ヨハン・シュトラウスⅡ: ワルツ「美しき青きドナウ」 "An der schönen, blauen Donau" 作品314

ウィーン少年合唱団 Wiener Sangerknaben
ウィーン・フィルハーモニー管弦楽団 Wiener Philharmoniker
An excerpt from the opening ceremony of the renovated parliament building in Vienna on 12 January 2023.

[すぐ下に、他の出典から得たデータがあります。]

(* The degree of F makes the operand John_comp ps' F of the first factor E_l homogeneous of
   degree mu = lam - k + l, and mu + 1 is the constant c_l of E_l. *)
lemma John_comp_eq_Eseq:
  assumes "admissible (lam - real k + real l + real (length ps) - 1) F"
    and restr: "\<And>q. q \<in> TS \<Longrightarrow> G q = F q" and "p \<in> TS"
  shows "John_comp ps F p = Eseq lam k l ps G p"
  using assms(1,3)
proof (induction ps arbitrary: l p)
  case Nil
  then show ?case using restr by simp
next
  case (Cons ij ps)
  obtain i j where ij: "ij = (i, j)" by (cases ij)
  define H where "H = John_comp ps F"
  have adm_F: "admissible (lam - real k + real (Suc l) + real (length ps) - 1) F"
    using Cons.prems(1) by (simp add: algebra_simps)
  have adm_H: "admissible (lam - real k + real l) H"
  proof -
    have "lam - real k + real (Suc l) + real (length ps) - 1 - real (length ps) = lam - real k + real l"
      by simp
    then show ?thesis using admissible_John_comp[OF adm_F, of ps] by (simp only: H_def)
  qed
  have IH: "Eseq lam k (Suc l) ps G q = H q" if "q \<in> TS" for q
    using Cons.IH[OF adm_F that] by (simp add: H_def)
  have "Eseq lam k l (ij # ps) G p = Eop lam k l i j (Eseq lam k (Suc l) ps G) p"
    by (simp add: ij)
  also have "\<dots> = Eop lam k l i j H p"
    by (rule Eop_cong[OF Cons.prems(2) IH])
  also have "\<dots> = John i j H p"
    unfolding Eop_def using John_restriction[where g=H, OF adm_H _ Cons.prems(2)] by simp
  finally show ?case by (simp add: ij H_def)
qed

theorem lemma3p2:
  fixes psi :: "(real ^ 'n::finite) \<times> (real ^ 'n) \<Rightarrow> real"
    and lam :: real
    and ps :: "('n \<times> 'n) list"
  assumes smooth: "smooth_on (UNIV \<times> (UNIV - {0})) psi"
    and homog: "\<And>x xi c. xi \<noteq> 0 \<Longrightarrow> c > 0 \<Longrightarrow> psi (x, c *\<^sub>R xi) = c powr lam * psi (x, xi)"
    and transl: "\<And>x xi tau. xi \<noteq> 0 \<Longrightarrow> psi (x + tau *\<^sub>R xi, xi) = psi (x, xi)"
    and k_pos: "length ps \<ge> 1"
  shows "\<forall>p\<in>TS. John_comp ps psi p
           = Eseq lam (length ps) 1 ps (\<lambda>q. if q \<in> TS then psi q else 0) p"
proof
  fix p :: "'n pt"
  assume p: "p \<in> TS"
  have "admissible lam psi"
    using smooth homog transl
    by (simp add: admissible_def xi_nonzero_def homogeneous_in_xi_def invariant_along_xi_def)
  then have "admissible (lam - real (length ps) + real (1::nat) + real (length ps) - 1) psi"
    by simp
  then show "John_comp ps psi p = Eseq lam (length ps) 1 ps (\<lambda>q. if q \<in> TS then psi q else 0) p"
    by (rule John_comp_eq_Eseq[OF _ _ p]) simp
qed

end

『美しく青きドナウ』(ドイツ語: An der schonen, blauen Donau)作品314は、ヨハン・シュトラウス2世が1867年に作曲した合唱用のウィンナ・ワルツ。
『ウィーンの森の物語』と『皇帝円舞曲』とともにシュトラウス2世の「三大ワルツ」に数えられ、その中でも最も人気が高い。作曲者およびウィンナ・ワルツの代名詞ともいわれる作品である。オーストリアにおいては、正式なものではないが帝政時代から現在に至るまで「第二の国歌」と呼ばれている。

邦題
『美しき青きドナウ』とも表記され、また「青」ではなく「碧」という漢字が用いられることもある。当記事では、『ヨハン・シュトラウス2世作品目録』(日本ヨハン・シュトラウス協会、2006年)の、『美しく青きドナウ』に従う。オーストリアでは単に『ドナウ・ワルツ』(Donauwalzer、Donau-Walzer)と呼ばれることも多い。

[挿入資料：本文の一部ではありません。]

lemma quad_ext_inverse:
  assumes K: "is_subfield K" and r: "r^2 \<in> K" and x: "x \<in> quad_ext K r"
  shows "inverse x \<in> quad_ext K r"
proof -
  obtain p q where pq: "p \<in> K" "q \<in> K" "x = p + q * r"
    using x by (elim quad_extE)
  \<comment> \<open>Multiply by the conjugate \<open>x'\<close>; if \<open>x' = 0\<close> then \<open>q r = p\<close>, so \<open>x = 2p\<close> already lies in \<open>K\<close>.\<close>
  define x' where "x' = p + (- q) * r"
  have x': "x' \<in> quad_ext K r"
    unfolding x'_def using pq K by (intro quad_extI subfield_uminus)
  have norm: "x * x' \<in> K"
  proof -
    have "x * x' = p^2 - q^2 * r^2"
      unfolding x'_def pq(3) by (simp add: algebra_simps power2_eq_square)
    then show ?thesis using pq K r by (simp add: subfield_closed)
  qed
  show ?thesis
  proof (cases "x * x' = 0")
    case False
    then have "inverse x = inverse (x * x') * x'"
      by (simp add: inverse_mult_distrib)
    moreover have "inverse (x * x') \<in> quad_ext K r"
      using norm K quad_ext_subset[OF K] subfield_inverse by blast
    ultimately show ?thesis
      using x' quad_ext_mult[OF K r] by metis
  next
    case True
    then consider "x = 0" | "x' = 0" by auto
    then show ?thesis
    proof cases
      case 1
      then show ?thesis using quad_ext_subset[OF K] subfield_0[OF K] by auto
    next
      case 2
      then have "x = p + p"
        unfolding pq(3) x'_def by (simp add: algebra_simps eq_neg_iff_add_eq_0)
      then have "x \<in> K" using pq K subfield_add by blast
      then show ?thesis using quad_ext_subset[OF K] subfield_inverse[OF K] by auto
    qed
  qed
qed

ちなみに、『美しく青きドナウ』という邦題は、原題「An der schonen, blauen Donau」のうちの「An(英語のbyに相当)」を無視したもので、正確に訳すと『美しく青きドナウのほとりに』といった題になる。原題と異なる邦題が定着しているのは日本だけではなく、たとえば英語圏では『The Blue Danube(青きドナウ)』となっている。

大晦日から新年に代わるとき、公共放送局であるオーストリア放送協会は、シュテファン大聖堂の鐘の音に続いてこのワルツを放映するのが慣例となっている。それに続いて元日正午から始まるウィーン・フィルハーモニー管弦楽団のニューイヤーコンサートでは、3つのアンコール枠のうちの2番目としてこのワルツを演奏するのが通例である。つまりオーストリアでは毎年元日に少なくとも2回は『美しく青きドナウ』が公共放送から流れてくるのを聴くことができる。ニューイヤーコンサートでは、序奏部を少しだけ演奏した後、聴衆の拍手によって一旦打ち切り、指揮者や団員の新年の挨拶が続くという習慣となっている。

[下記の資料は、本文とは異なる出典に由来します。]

(* Reweight \<alpha> by a potential x as \<alpha> u v + x v - x u. The limit r* is the least nonnegative
   potential at which every vertex is settled (largest reweighted out-weight at most the largest
   reweighted in-weight): raising never overshoots such a potential, and a vertex that is raised
   infinitely often cannot stay unsettled in the limit. By minimality, no nonempty set of vertices
   with r* > 0 that is closed under tight edges can be lowered, and every vertex with r* > 0 is tight.

   Let U be the vertices lying above a gap of size g in the values of r*, and \<Omega> the largest
   original out-weight in U. Lowering arguments bound every reweighted in-weight in U by \<Omega> - g.
   Walking backwards along in-maximal predecessors for \<alpha> from a vertex attaining \<Omega>, r* strictly
   increases until the original in-weight drops to \<Omega> - g; the walk visits distinct vertices and
   out-weight minus in-weight telescopes into a sum of \<rho>^R, so g \<le> \<Sum>\<rho>^R. The range of r* is
   made of at most n - 1 such gaps. *)

lemma Max_minus_Min_le_card_mult_gap:
  fixes f :: "'a \<Rightarrow> real"
  assumes A: "finite A" "A \<noteq> {}" and B: "0 \<le> B"
    and gap: "\<And>a b. a \<in> A \<Longrightarrow> b \<in> A \<Longrightarrow> f a < f b \<Longrightarrow> (\<forall>c\<in>A. f c \<le> f a \<or> f b \<le> f c)
               \<Longrightarrow> f b - f a \<le> B"
  shows "Max (f ` A) - Min (f ` A) \<le> real (card A - 1) * B"
proof -
  let ?below = "\<lambda>x. {a\<in>A. f a < x}"
  have fin: "finite (f ` A)" "f ` A \<noteq> {}" using A by auto
  have ladder: "x - Min (f ` A) \<le> real (card (?below x)) * B" if "x \<in> f ` A" for x
    using that
  proof (induction "card (?below x)" arbitrary: x rule: less_induct)
    case less
    show ?case
    proof (cases "?below x = {}")
      case True
      then have "Min (f ` A) = x" using less.prems fin by (intro Min_eqI) force+
      then show ?thesis using B by simp
    next
      case False
      define x' where "x' = Max (f ` ?below x)"
      have "x' \<in> f ` ?below x" unfolding x'_def using False A by (intro Max_in) auto
      then obtain a where a: "a \<in> A" "f a = x'" "x' < x" by auto
      obtain b where b: "b \<in> A" "f b = x" using less.prems by auto
      have "f c \<le> x'" if "c \<in> A" "f c < x" for c
        unfolding x'_def using that A by (intro Max_ge) auto
      then have "x - x' \<le> B" using gap[OF a(1) b(1)] a b by force
      moreover have lt: "card (?below x') < card (?below x)"
        using a A by (intro psubset_card_mono) auto
      then have "real (card (?below x')) * B \<le> (real (card (?below x)) - 1) * B"
        using B by (intro mult_right_mono) auto
      moreover have "x' - Min (f ` A) \<le> real (card (?below x')) * B"
        using less.hyps[OF lt] a by blast
      ultimately show ?thesis by (simp add: algebra_simps)
    qed
  qed
  obtain m where m: "m \<in> A" "f m = Max (f ` A)" using Max_in[OF fin] by auto
  have "?below (f m) \<subseteq> A - {m}" by auto
  then have "card (?below (f m)) \<le> card A - 1" using A m(1) by (metis card_Diff_singleton card_mono finite_Diff)
  then have "real (card (?below (f m))) * B \<le> real (card A - 1) * B" using B by (intro mult_right_mono) auto
  moreover have "f m \<in> f ` A" using m by blast
  ultimately show ?thesis using ladder[of "f m"] m by simp
qed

父シュトラウス1世の『ラデツキー行進曲』も同コンサートを締めくくる定番の曲であるが、こちらも国家的な行事や式典でたびたび演奏される曲である。これら二つの曲が同コンサートにきまって取り上げられるのは、ただ人気が高いからというだけの理由ではなく、オーストリアを象徴する曲だということも大きな理由なのである。ちなみに、カラヤンとケンペはステレオ初期にウィーン・フィルを指揮して録音した「シュトラウス・アルバム」に、この曲を含めていない。

日本においては、京都市交響楽団などがニューイヤーコンサートで演奏する事も多い。近年は特に京都市少年合唱団との共演で行なっている事も少なくない。